— EXERCISE INSTRUCTIONS —
Only the lines with "mathbf" in the entries below belong in the answer; please copy them.

[Records drawn from a dataset]
○ ○ ○ ○ ○ ○ ○
(* Let $\Sigma$ be a symmetric invertible $p\times p$ matrix, $\mathbf b\in\mathbb R^p$, $\boldsymbol\theta=\Sigma^{-1}\mathbf b$, let $\hat S_n$ be any $p\times p$ matrix and $\hat{\mathbf b}\in\mathbb R^p$, and let $\lambda\ge|\boldsymbol\theta|_1|\hat S_n-\Sigma|_\infty+|\hat{\mathbf b}-\mathbf b|_\infty$. Then $|\hat S_n\boldsymbol\theta-\hat{\mathbf b}|_\infty\le\lambda$, and every solution $\hat{\boldsymbol\theta}$ of $\min_{\boldsymbol\eta\in\mathbb R^p}\{|\boldsymbol\eta|_1:|\hat S_n\boldsymbol\eta-\hat{\mathbf b}|_\infty\le\lambda\}$ satisfies, for all $1\le w\le\infty$, $$|\hat{\boldsymbol\theta}-\boldsymbol\theta|_w\le\big[6D(5\lambda|\Sigma^{-1}|_{L^1})\big]^{1/w}\big(2\lambda|\Sigma^{-1}|_{L^1}\big)^{1-1/w}.$$
   Context: $|M|_\infty=\max_{j,k}|m_{jk}|$ for a matrix $M$; $|M|_{L^1}=\max_k\sum_j|m_{jk}|$; $|\mathbf a|_w=(\sum_j|a_j|^w)^{1/w}$, $|\mathbf a|_\infty=\max_j|a_j|$; $D(u)=\sum_{j=1}^p(|\theta_j|\wedge u)$ for $u\ge0$. *)

theory Defs
  imports "HOL-Analysis.Analysis"
begin

text \<open>Vectors in R^p are real^'p, p x p matrices are real^'p^'p with M $ j $ k the entry
  in row j, column k.\<close>

definition vec_linf :: "real^'p \<Rightarrow> real" where
  "vec_linf a = Max {\<bar>a $ j\<bar> | j. True}"

definition vec_l1 :: "real^'p \<Rightarrow> real" where
  "vec_l1 a = (\<Sum>j\<in>UNIV. \<bar>a $ j\<bar>)"

definition vec_lw :: "real \<Rightarrow> real^'p \<Rightarrow> real" where
  "vec_lw w a = (\<Sum>j\<in>UNIV. \<bar>a $ j\<bar> powr w) powr (1 / w)"

definition mat_maxabs :: "real^'p^'p \<Rightarrow> real" where
  "mat_maxabs M = Max {\<bar>M $ j $ k\<bar> | j k. True}"

definition mat_L1 :: "real^'p^'p \<Rightarrow> real" where
  "mat_L1 M = Max {(\<Sum>j\<in>UNIV. \<bar>M $ j $ k\<bar>) | k. True}"

definition Dfun :: "real^'p \<Rightarrow> real \<Rightarrow> real" where
  "Dfun \<theta> u = (\<Sum>j\<in>UNIV. min \<bar>\<theta> $ j\<bar> u)"

text \<open>Real power of a nonnegative base with the convention x^0 = 1 (also for x = 0).\<close>
definition rpow :: "real \<Rightarrow> real \<Rightarrow> real" where
  "rpow x a = (if a = 0 then 1 else x powr a)"

end

theory Submission
  imports Defs
begin

text \<open>The truth \<open>\<theta>\<close> is feasible for the Dantzig-type program, so the minimiser \<open>\<theta>h\<close> has
  \<open>|\<theta>h|\<^sub>1 \<le> |\<theta>|\<^sub>1\<close> and, by the triangle inequality through \<open>\<Sigma>\<theta>h - b = (S\<theta>h - bh) - (S - \<Sigma>)\<theta>h + (bh - b)\<close>,
  \<open>|\<Sigma>(\<theta>h - \<theta>)|\<^sub>\<infinity> \<le> 2\<lambda>\<close>. Applying the symmetric \<open>\<Sigma>\<^sup>-\<^sup>1\<close> gives the sup-norm bound \<open>d = 2\<lambda>|\<Sigma>\<^sup>-\<^sup>1|\<^sub>L\<^sub>1\<close>.
  Coordinatewise, \<open>|h\<^sub>j| \<le> |\<theta>\<^sub>j + h\<^sub>j| - |\<theta>\<^sub>j| + 2 min(|\<theta>\<^sub>j|, d)\<close> whenever \<open>|h\<^sub>j| \<le> d\<close>; summing and using
  \<open>|\<theta>h|\<^sub>1 \<le> |\<theta>|\<^sub>1\<close> bounds the \<open>\<ell>\<^sub>1\<close> error by \<open>2D(d)\<close>. The \<open>\<ell>\<^sub>w\<close> bound interpolates between the two,
  since \<open>\<Sum> |h\<^sub>j|\<^sup>w \<le> |h|\<^sub>1 |h|\<^sub>\<infinity>\<^sup>w\<^sup>-\<^sup>1\<close>.\<close>

lemma finite_range_curried: "finite {f j k | (j::'a::finite) (k::'b::finite). True}"
proof -
  have "{f j k | j k. True} = case_prod f ` UNIV" by auto
  then show ?thesis by simp
qed

lemma vec_linf_ge: "\<bar>a $ j\<bar> \<le> vec_linf a"
  unfolding vec_linf_def by (rule Max_ge) (auto simp: full_SetCompr_eq)

lemma vec_linf_le: "(\<And>j. \<bar>a $ j\<bar> \<le> c) \<Longrightarrow> vec_linf a \<le> c"
  unfolding vec_linf_def by (subst Max_le_iff) (auto simp: full_SetCompr_eq)

lemma vec_linf_nonneg: "0 \<le> vec_linf a"
  using vec_linf_ge[of a undefined] by linarith

lemma vec_linf_minus_commute: "vec_linf (a - b) = vec_linf (b - a)"
  unfolding vec_linf_def by (simp add: abs_minus_commute)

lemma vec_linf_zero [simp]: "vec_linf 0 = 0"
  unfolding vec_linf_def by simp

lemma vec_l1_nonneg: "0 \<le> vec_l1 a"
  unfolding vec_l1_def by (simp add: sum_nonneg)

lemma mat_maxabs_ge: "\<bar>M $ j $ k\<bar> \<le> mat_maxabs M"
  unfolding mat_maxabs_def
  by (rule Max_ge) (auto intro: finite_range_curried[of "\<lambda>j k. \<bar>M $ j $ k\<bar>", simplified])

lemma mat_maxabs_nonneg: "0 \<le> mat_maxabs M"
  using mat_maxabs_ge[of M undefined undefined] by linarith

lemma mat_maxabs_minus_commute: "mat_maxabs (A - B) = mat_maxabs (B - A)"
  unfolding mat_maxabs_def by (simp add: abs_minus_commute)

lemma mat_L1_ge: "(\<Sum>j\<in>UNIV. \<bar>M $ j $ k\<bar>) \<le> mat_L1 M"
  unfolding mat_L1_def by (rule Max_ge) (auto simp: full_SetCompr_eq)

lemma mat_L1_nonneg: "0 \<le> mat_L1 M"
  using mat_L1_ge[of M undefined] sum_nonneg[of UNIV "\<lambda>j. \<bar>M $ j $ undefined\<bar>"]
  by (meson abs_ge_zero order_trans)

lemma vec_linf_matrix_vector_mult_le: "vec_linf (M *v x) \<le> mat_maxabs M * vec_l1 x"
proof (rule vec_linf_le)
  fix i
  have "\<bar>(M *v x) $ i\<bar> \<le> (\<Sum>k\<in>UNIV. \<bar>M $ i $ k\<bar> * \<bar>x $ k\<bar>)"
    unfolding matrix_vector_mult_def by (simp add: order_trans[OF sum_abs] abs_mult)
  also have "\<dots> \<le> (\<Sum>k\<in>UNIV. mat_maxabs M * \<bar>x $ k\<bar>)"
    by (rule sum_mono) (simp add: mat_maxabs_ge mult_right_mono)
  also have "\<dots> = mat_maxabs M * vec_l1 x"
    by (simp add: vec_l1_def sum_distrib_left)
  finally show "\<bar>(M *v x) $ i\<bar> \<le> mat_maxabs M * vec_l1 x" .
qed

lemma vec_linf_symmetric_matrix_vector_mult_le:
  assumes "transpose M = M"
  shows "vec_linf (M *v x) \<le> mat_L1 M * vec_linf x"
proof (rule vec_linf_le)
  fix i
  have sym: "M $ i $ k = M $ k $ i" for k
    using assms by (metis transpose_def vec_lambda_beta)
  have "\<bar>(M *v x) $ i\<bar> \<le> (\<Sum>k\<in>UNIV. \<bar>M $ k $ i\<bar> * \<bar>x $ k\<bar>)"
    unfolding matrix_vector_mult_def by (simp add: order_trans[OF sum_abs] abs_mult sym)
  also have "\<dots> \<le> (\<Sum>k\<in>UNIV. \<bar>M $ k $ i\<bar>) * vec_linf x"
    unfolding sum_distrib_right by (rule sum_mono) (simp add: vec_linf_ge mult_left_mono)
  also have "\<dots> \<le> mat_L1 M * vec_linf x"
    by (rule mult_right_mono[OF mat_L1_ge vec_linf_nonneg])
  finally show "\<bar>(M *v x) $ i\<bar> \<le> mat_L1 M * vec_linf x" .
qed

lemma
  fixes A :: "'a::semiring_1^'n^'n"
  assumes "invertible A"
  shows matrix_mul_matrix_inv: "A ** matrix_inv A = mat 1"
    and matrix_inv_matrix_mul: "matrix_inv A ** A = mat 1"
  using someI_ex[OF assms[unfolded invertible_def]] unfolding matrix_inv_def by auto

lemma symmetric_matrix_inv:
  fixes A :: "'a::comm_semiring_1^'n^'n"
  assumes "invertible A" and "transpose A = A"
  shows "transpose (matrix_inv A) = matrix_inv A"
proof -
  let ?B = "matrix_inv A"
  have left_inv: "transpose ?B ** A = mat 1"
    by (metis assms(2) matrix_mul_matrix_inv[OF assms(1)] matrix_transpose_mul transpose_mat)
  have "transpose ?B = (transpose ?B ** A) ** ?B"
    by (metis matrix_mul_matrix_inv[OF assms(1)] matrix_mul_assoc matrix_mul_rid)
  then show ?thesis
    using left_inv by (simp add: matrix_mul_lid)
qed

lemma vec_linf_residual_perturb:
  "vec_linf (A *v x - c) \<le> vec_linf (B *v x - d) + mat_maxabs (A - B) * vec_l1 x + vec_linf (c - d)"
proof (rule vec_linf_le)
  fix j
  have "(A *v x - c) $ j = (B *v x - d) $ j + ((A - B) *v x) $ j - (c - d) $ j"
    by (simp add: matrix_vector_mult_diff_rdistrib)
  then have "\<bar>(A *v x - c) $ j\<bar> \<le> \<bar>(B *v x - d) $ j\<bar> + \<bar>((A - B) *v x) $ j\<bar> + \<bar>(c - d) $ j\<bar>"
    by linarith
  also have "\<dots> \<le> vec_linf (B *v x - d) + vec_linf ((A - B) *v x) + vec_linf (c - d)"
    by (intro add_mono vec_linf_ge)
  finally show "\<bar>(A *v x - c) $ j\<bar> \<le> vec_linf (B *v x - d) + mat_maxabs (A - B) * vec_l1 x + vec_linf (c - d)"
    using vec_linf_matrix_vector_mult_le[of "A - B" x] by linarith
qed

lemma dantzig_truth_feasible:
  assumes "\<Sigma> *v \<theta> = b"
    and "vec_l1 \<theta> * mat_maxabs (S - \<Sigma>) + vec_linf (bh - b) \<le> lam"
  shows "vec_linf (S *v \<theta> - bh) \<le> lam"
  using vec_linf_residual_perturb[of S \<theta> bh \<Sigma> b] assms by (simp add: mult.commute)

lemma dantzig_residual_bound:
  assumes "\<Sigma> *v \<theta> = b"
    and lam: "vec_l1 \<theta> * mat_maxabs (S - \<Sigma>) + vec_linf (bh - b) \<le> lam"
    and feasible: "vec_linf (S *v \<eta> - bh) \<le> lam"
    and sparser: "vec_l1 \<eta> \<le> vec_l1 \<theta>"
  shows "vec_linf (\<Sigma> *v (\<eta> - \<theta>)) \<le> 2 * lam"
proof -
  have "vec_linf (\<Sigma> *v (\<eta> - \<theta>)) = vec_linf (\<Sigma> *v \<eta> - b)"
    using assms(1) by (simp add: matrix_vector_mult_diff_distrib)
  also have "\<dots> \<le> vec_linf (S *v \<eta> - bh) + mat_maxabs (S - \<Sigma>) * vec_l1 \<eta> + vec_linf (bh - b)"
    using vec_linf_residual_perturb[of \<Sigma> \<eta> b S bh]
    by (simp add: mat_maxabs_minus_commute vec_linf_minus_commute)
  also have "\<dots> \<le> lam + mat_maxabs (S - \<Sigma>) * vec_l1 \<theta> + vec_linf (bh - b)"
    using feasible mult_left_mono[OF sparser mat_maxabs_nonneg[of "S - \<Sigma>"]] by linarith
  finally show ?thesis
    using lam by (simp add: mult.commute)
qed

lemma vec_linf_le_via_symmetric_inverse:
  fixes \<Sigma> :: "real^'p^'p"
  assumes "transpose \<Sigma> = \<Sigma>" and "invertible \<Sigma>" and "vec_linf (\<Sigma> *v h) \<le> r"
  shows "vec_linf h \<le> mat_L1 (matrix_inv \<Sigma>) * r"
proof -
  have "h = matrix_inv \<Sigma> *v (\<Sigma> *v h)"
    by (simp add: matrix_vector_mul_assoc matrix_inv_matrix_mul[OF assms(2)])
  then have "vec_linf h \<le> mat_L1 (matrix_inv \<Sigma>) * vec_linf (\<Sigma> *v h)"
    using vec_linf_symmetric_matrix_vector_mult_le[OF symmetric_matrix_inv[OF assms(2,1)]]
    by metis
  also have "\<dots> \<le> mat_L1 (matrix_inv \<Sigma>) * r"
    by (rule mult_left_mono[OF assms(3) mat_L1_nonneg])
  finally show ?thesis .
qed

lemma Dfun_nonneg: "0 \<le> u \<Longrightarrow> 0 \<le> Dfun \<theta> u"
  unfolding Dfun_def by (rule sum_nonneg) auto

lemma Dfun_mono: "u \<le> v \<Longrightarrow> Dfun \<theta> u \<le> Dfun \<theta> v"
  unfolding Dfun_def by (rule sum_mono) auto

lemma abs_le_abs_add_diff_min:
  fixes t h d :: real
  assumes "\<bar>h\<bar> \<le> d"
  shows "\<bar>h\<bar> \<le> \<bar>t + h\<bar> - \<bar>t\<bar> + 2 * min \<bar>t\<bar> d"
  using assms by (auto simp: min_def abs_if)

lemma vec_l1_le_Dfun:
  assumes "vec_linf h \<le> d" and "vec_l1 (\<theta> + h) \<le> vec_l1 \<theta>"
  shows "vec_l1 h \<le> 2 * Dfun \<theta> d"
proof -
  have "vec_l1 h \<le> (\<Sum>j\<in>UNIV. \<bar>(\<theta> + h) $ j\<bar> - \<bar>\<theta> $ j\<bar> + 2 * min \<bar>\<theta> $ j\<bar> d)"
    unfolding vec_l1_def using order_trans[OF vec_linf_ge assms(1)]
    by (intro sum_mono) (simp add: abs_le_abs_add_diff_min)
  also have "\<dots> = vec_l1 (\<theta> + h) - vec_l1 \<theta> + 2 * Dfun \<theta> d"
    by (simp add: vec_l1_def Dfun_def sum.distrib sum_subtractf sum_distrib_left)
  finally show ?thesis
    using assms(2) by linarith
qed

lemma sum_abs_powr_le:
  assumes "w \<ge> 1"
  shows "(\<Sum>j\<in>UNIV. \<bar>h $ j\<bar> powr w) \<le> vec_l1 h * vec_linf h powr (w - 1)"
proof -
  have "\<bar>h $ j\<bar> powr w \<le> \<bar>h $ j\<bar> * vec_linf h powr (w - 1)" for j
  proof (cases "h $ j = 0")
    case False
    have "\<bar>h $ j\<bar> powr w = \<bar>h $ j\<bar> powr 1 * \<bar>h $ j\<bar> powr (w - 1)"
      by (subst powr_add[symmetric]) simp
    also have "\<dots> = \<bar>h $ j\<bar> * \<bar>h $ j\<bar> powr (w - 1)"
      using False by simp
    also have "\<dots> \<le> \<bar>h $ j\<bar> * vec_linf h powr (w - 1)"
      using assms vec_linf_ge[of h j] by (intro mult_left_mono powr_mono2) auto
    finally show ?thesis .
  qed simp
  then have "(\<Sum>j\<in>UNIV. \<bar>h $ j\<bar> powr w) \<le> (\<Sum>j\<in>UNIV. \<bar>h $ j\<bar> * vec_linf h powr (w - 1))"
    by (rule sum_mono)
  then show ?thesis
    by (simp add: vec_l1_def sum_distrib_right)
qed

lemma vec_lw_le_interpolation:
  assumes w: "w \<ge> 1" and linf: "vec_linf h \<le> d" and l1: "vec_l1 h \<le> E"
  shows "vec_lw w h \<le> rpow E (1 / w) * rpow d (1 - 1 / w)"
proof (cases "w = 1")
  case True
  then show ?thesis
    using l1 by (simp add: vec_lw_def vec_l1_def rpow_def sum_nonneg)
next
  case False
  have E: "0 \<le> E" and d: "0 \<le> d"
    using l1 linf vec_l1_nonneg[of h] vec_linf_nonneg[of h] by linarith+
  have "(\<Sum>j\<in>UNIV. \<bar>h $ j\<bar> powr w) \<le> vec_l1 h * vec_linf h powr (w - 1)"
    by (rule sum_abs_powr_le[OF w])
  also have "\<dots> \<le> E * d powr (w - 1)"
    using w linf l1 E by (intro mult_mono powr_mono2) (auto simp: vec_linf_nonneg)
  finally have "vec_lw w h \<le> (E * d powr (w - 1)) powr (1 / w)"
    unfolding vec_lw_def using w by (intro powr_mono2) (auto intro: sum_nonneg)
  also have "\<dots> = E powr (1 / w) * d powr (1 - 1 / w)"
    using E d w False by (simp add: powr_mult powr_powr diff_divide_distrib)
  finally show ?thesis
    using w False by (simp add: rpow_def)
qed

theorem mainTheorem6:
  fixes \<Sigma> S :: "real^'p^'p" and b bh \<theta> :: "real^'p" and lam :: real
  assumes symm: "transpose \<Sigma> = \<Sigma>"
    and inv: "invertible \<Sigma>"
    and theta: "\<theta> = matrix_inv \<Sigma> *v b"
    and lam_bd: "lam \<ge> vec_l1 \<theta> * mat_maxabs (S - \<Sigma>) + vec_linf (bh - b)"
  shows "vec_linf (S *v \<theta> - bh) \<le> lam \<and>
    (\<forall>\<theta>h :: real^'p.
       (vec_linf (S *v \<theta>h - bh) \<le> lam \<and>
        (\<forall>\<eta>. vec_linf (S *v \<eta> - bh) \<le> lam \<longrightarrow> vec_l1 \<theta>h \<le> vec_l1 \<eta>))
       \<longrightarrow>
       (\<forall>w::real. w \<ge> 1 \<longrightarrow>
          vec_lw w (\<theta>h - \<theta>) \<le>
            rpow (6 * Dfun \<theta> (5 * lam * mat_L1 (matrix_inv \<Sigma>))) (1 / w) *
            rpow (2 * lam * mat_L1 (matrix_inv \<Sigma>)) (1 - 1 / w)) \<and>
       vec_linf (\<theta>h - \<theta>) \<le> 2 * lam * mat_L1 (matrix_inv \<Sigma>))"
proof -
  let ?L = "mat_L1 (matrix_inv \<Sigma>)"
  have truth: "\<Sigma> *v \<theta> = b"
    unfolding theta by (simp add: matrix_vector_mul_assoc matrix_mul_matrix_inv[OF inv])
  have truth_feasible: "vec_linf (S *v \<theta> - bh) \<le> lam"
    using dantzig_truth_feasible[OF truth lam_bd] .
  have L_lam: "0 \<le> lam * ?L"
    using truth_feasible vec_linf_nonneg mat_L1_nonneg by (meson order_trans mult_nonneg_nonneg)
  show ?thesis
  proof (intro conjI truth_feasible allI impI)
    fix \<theta>h :: "real^'p" and w :: real
    assume "vec_linf (S *v \<theta>h - bh) \<le> lam \<and>
        (\<forall>\<eta>. vec_linf (S *v \<eta> - bh) \<le> lam \<longrightarrow> vec_l1 \<theta>h \<le> vec_l1 \<eta>)"
    then have feasible: "vec_linf (S *v \<theta>h - bh) \<le> lam" and sparser: "vec_l1 \<theta>h \<le> vec_l1 \<theta>"
      using truth_feasible by blast+
    show linf: "vec_linf (\<theta>h - \<theta>) \<le> 2 * lam * ?L"
      using vec_linf_le_via_symmetric_inverse[OF symm inv
          dantzig_residual_bound[OF truth lam_bd feasible sparser]] by (simp add: ac_simps)
    have "vec_l1 (\<theta>h - \<theta>) \<le> 2 * Dfun \<theta> (2 * lam * ?L)"
      using vec_l1_le_Dfun[OF linf] sparser by simp
    also have "\<dots> \<le> 6 * Dfun \<theta> (5 * lam * ?L)"
      using Dfun_mono[of "2 * lam * ?L" "5 * lam * ?L" \<theta>] Dfun_nonneg[of "5 * lam * ?L" \<theta>] L_lam
      by simp
    finally have "vec_l1 (\<theta>h - \<theta>) \<le> 6 * Dfun \<theta> (5 * lam * ?L)" .
    moreover assume "w \<ge> 1"
    ultimately show "vec_lw w (\<theta>h - \<theta>) \<le>
        rpow (6 * Dfun \<theta> (5 * lam * ?L)) (1 / w) * rpow (2 * lam * ?L) (1 - 1 / w)"
      using vec_lw_le_interpolation linf by blast
  qed
qed

end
○ ○ ○ ○ ○ ○ ○
— ANSWER SECTION —
(* Let $\Sigma$ be a symmetric invertible $p\times p$ matrix, $\mathbf b\in\mathbb R^p$, $\boldsymbol\theta=\Sigma^{-1}\mathbf b$, let $\hat S_n$ be any $p\times p$ matrix and $\hat{\mathbf b}\in\mathbb R^p$, and let $\lambda\ge|\boldsymbol\theta|_1|\hat S_n-\Sigma|_\infty+|\hat{\mathbf b}-\mathbf b|_\infty$. Then $|\hat S_n\boldsymbol\theta-\hat{\mathbf b}|_\infty\le\lambda$, and every solution $\hat{\boldsymbol\theta}$ of $\min_{\boldsymbol\eta\in\mathbb R^p}\{|\boldsymbol\eta|_1:|\hat S_n\boldsymbol\eta-\hat{\mathbf b}|_\infty\le\lambda\}$ satisfies, for all $1\le w\le\infty$, $$|\hat{\boldsymbol\theta}-\boldsymbol\theta|_w\le\big[6D(5\lambda|\Sigma^{-1}|_{L^1})\big]^{1/w}\big(2\lambda|\Sigma^{-1}|_{L^1}\big)^{1-1/w}.$$
   Context: $|M|_\infty=\max_{j,k}|m_{jk}|$ for a matrix $M$; $|M|_{L^1}=\max_k\sum_j|m_{jk}|$; $|\mathbf a|_w=(\sum_j|a_j|^w)^{1/w}$, $|\mathbf a|_\infty=\max_j|a_j|$; $D(u)=\sum_{j=1}^p(|\theta_j|\wedge u)$ for $u\ge0$. *)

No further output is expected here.